Genetically modified seeds are engineered to have certain traits, like resistance to herbicides or certain plant diseases. The majority of the country’s corn and soybean crop is now genetically modified, with much of that going to animal feed. Modified corn and soybeans are also made into popular processed food ingredients like corn oil, corn starch, high-fructose corn syrup and soybean oil.

Labeling advocates say the issue is about transparency, not safety. Scott Faber, head of the national Just Label It campaign, testified that consumers want to know what they are buying and how the food was produced. He said advocates are not seeking a warning label, but a “factual, non-judgemental disclosure” on the back of all food packages that contain GMO ingredients.

“Because our food choices dramatically shape our lives, unprecedented consumer interest in food is a trend that should be welcomed, not frustrated,” Faber said.

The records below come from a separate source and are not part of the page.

(* Let $G$ be a graph on $n\ge 3$ vertices, with an edge-colouring using exactly $r$ colours. Let $f:\binom{V(G)}{2}\to\mathbb{Z}_{\ge 0}$ be such that for all distinct $u,v\in V(G)$, there are $f(u,v)$ disjoint monochromatic super-paths connecting $u$ and $v$. Then \[ e(G)\ge\left\lceil\frac{w(f)}{n-2}\right\rceil+r-1. \]
   Context: All graphs are finite, simple and undirected. A super-path is a path of length at least two. Paths are called disjoint if they are internally vertex-disjoint. An edge-coloured path is monochromatic if all its edges have the same colour. For $f:\binom{V(G)}{2}\to\mathbb{Z}_{\ge 0}$ write $f(u,v)=f(\{u,v\})$, and define the weight $w(f)=\sum_{\{u,v\}\in\binom{V(G)}{2}} f(u,v)$. *)

theory Defs
  imports Complex_Main
begin

definition simple_graph :: "'a set \<Rightarrow> 'a set set \<Rightarrow> bool" where
  "simple_graph V E \<longleftrightarrow> finite V \<and> (\<forall>e\<in>E. e \<subseteq> V \<and> card e = 2)"

definition is_path :: "'a set set \<Rightarrow> 'a list \<Rightarrow> bool" where
  "is_path E p \<longleftrightarrow> p \<noteq> [] \<and> distinct p \<and> (\<forall>i. Suc i < length p \<longrightarrow> {p ! i, p ! Suc i} \<in> E)"

definition path_edges :: "'a list \<Rightarrow> 'a set set" where
  "path_edges p = {{p ! i, p ! Suc i} | i. Suc i < length p}"

definition mono_super_path ::
  "'a set set \<Rightarrow> ('a set \<Rightarrow> 'c) \<Rightarrow> 'a \<Rightarrow> 'a \<Rightarrow> 'a list \<Rightarrow> bool" where
  "mono_super_path E col u v p \<longleftrightarrow>
     is_path E p \<and> length p \<ge> 3 \<and> hd p = u \<and> last p = v \<and>
     (\<exists>c. \<forall>e\<in>path_edges p. col e = c)"

definition path_interior :: "'a list \<Rightarrow> 'a set" where
  "path_interior p = set (butlast (tl p))"

definition has_disjoint_mono_super_paths ::
  "'a set set \<Rightarrow> ('a set \<Rightarrow> 'c) \<Rightarrow> 'a \<Rightarrow> 'a \<Rightarrow> nat \<Rightarrow> bool" where
  "has_disjoint_mono_super_paths E col u v k \<longleftrightarrow>
     (\<exists>P :: nat \<Rightarrow> 'a list.
        (\<forall>i<k. mono_super_path E col u v (P i)) \<and>
        (\<forall>i<k. \<forall>j<k. i \<noteq> j \<longrightarrow> path_interior (P i) \<inter> path_interior (P j) = {}))"

definition weight :: "'a set \<Rightarrow> ('a set \<Rightarrow> nat) \<Rightarrow> nat" where
  "weight V f = (\<Sum>e\<in>{e. e \<subseteq> V \<and> card e = 2}. f e)"

end

theory Submission
  imports Defs
begin

text \<open>
  Count slots ((u, x), v): an edge ux read from u, together with a third vertex v; there are
  2 e(G) (n - 2) of them. Every path from u to v occupies the slot formed by its first edge and v,
  and disjointness of interiors makes these 2 w(f) slots distinct. Fix a colour c0 that is spanning
  (met by every vertex) if some colour is. Every other colour c owns at least 2 (n - 2) unoccupied
  slots, no slot being owned by two colours. If c has two leaves (vertices on exactly one c-edge),
  take the slots whose edge is a c-edge ending at a c-leaf; if c is not spanning, the c-slots whose
  third vertex meets no c-edge; otherwise, at every vertex x, for each c-edge xy and a fixed c0-edge
  xy', one of ((y, x), y') and ((y', x), y), because both being occupied would force the path
  y x y' to be monochromatic.
\<close>

lemma mem_path_interior_iff:
  "x \<in> path_interior P \<longleftrightarrow> (\<exists>i. 0 < i \<and> i < length P - 1 \<and> P ! i = x)"
proof -
  have nth: "butlast (tl P) ! j = P ! Suc j" if "j < length P - 2" for j
    using that by (simp add: nth_butlast nth_tl)
  have "x \<in> path_interior P \<longleftrightarrow> (\<exists>j < length P - 2. butlast (tl P) ! j = x)"
    by (simp add: path_interior_def in_set_conv_nth numeral_2_eq_2)
  also have "\<dots> \<longleftrightarrow> (\<exists>j < length P - 2. P ! Suc j = x)"
    using nth by auto
  also have "\<dots> \<longleftrightarrow> (\<exists>i. 0 < i \<and> i < length P - 1 \<and> P ! i = x)"
  proof
    assume "\<exists>j < length P - 2. P ! Suc j = x"
    then show "\<exists>i. 0 < i \<and> i < length P - 1 \<and> P ! i = x" by force
  next
    assume "\<exists>i. 0 < i \<and> i < length P - 1 \<and> P ! i = x"
    then obtain i where "0 < i" "i < length P - 1" "P ! i = x" by blast
    then show "\<exists>j < length P - 2. P ! Suc j = x" by (intro exI[of _ "i - 1"]) auto
  qed
  finally show ?thesis .
qed

lemma path_interior_rev: "path_interior (rev P) = path_interior P"
proof -
  have "tl (rev P) = rev (butlast P)" by (metis butlast_rev rev_rev_ident)
  then show ?thesis by (simp add: path_interior_def butlast_tl)
qed

lemma path_edges_rev_subset: "path_edges (rev P) \<subseteq> path_edges P"
proof
  fix e assume "e \<in> path_edges (rev P)"
  then obtain i where i: "Suc i < length P" "e = {rev P ! i, rev P ! Suc i}"
    unfolding path_edges_def by auto
  define j where "j = length P - 2 - i"
  have "Suc j < length P" "rev P ! i = P ! Suc j" "rev P ! Suc i = P ! j"
    using i(1) by (auto simp: j_def rev_nth Suc_diff_Suc numeral_2_eq_2)
  then show "e \<in> path_edges P"
    unfolding path_edges_def i(2) by (auto simp: insert_commute)
qed

lemma is_path_rev:
  assumes "is_path E P"
  shows "is_path E (rev P)"
  unfolding is_path_def
proof (intro conjI allI impI)
  show "rev P \<noteq> []" "distinct (rev P)" using assms unfolding is_path_def by simp_all
  have "path_edges P \<subseteq> E" using assms unfolding is_path_def path_edges_def by blast
  then have "path_edges (rev P) \<subseteq> E" using path_edges_rev_subset by blast
  then show "{rev P ! i, rev P ! Suc i} \<in> E" if "Suc i < length (rev P)" for i
    using that unfolding path_edges_def by blast
qed

lemma mono_super_path_rev:
  assumes "mono_super_path E col u v P"
  shows "mono_super_path E col v u (rev P)"
proof -
  have P: "is_path E P" "3 \<le> length P" "hd P = u" "last P = v"
    using assms unfolding mono_super_path_def by auto
  obtain c where "\<forall>e\<in>path_edges P. col e = c"
    using assms unfolding mono_super_path_def by blast
  then have "\<forall>e\<in>path_edges (rev P). col e = c"
    using path_edges_rev_subset by blast
  then show ?thesis
    using P is_path_rev unfolding mono_super_path_def by (auto simp: hd_rev last_rev)
qed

The food industry has faced pressure from retailers as consumer awareness of GMOs has increased and the conversation about modified ingredients has grown louder. The retailer Whole Foods announced last year that it planned to label GMO products in all its U.S. and Canadian stores within five years. And some companies have decided to remove the ingredients altogether, so no labels will be necessary.

Still, mandatory labels would disrupt the supply chain, said Thomas W. Dempsey Jr., president and CEO of the Snack Food Association. GMO ingredients would have to be separated out from farm to store, creating new burdens on manufacturers, he said.

He said food companies would have three options to comply with a state labeling law like Vermont’s: order new packaging, reformulate products or halt sales to the state.

“Each option is difficult, costly, time-intensive and, at worst, could eliminate jobs and consumer choice in the marketplace,” Dempsey said.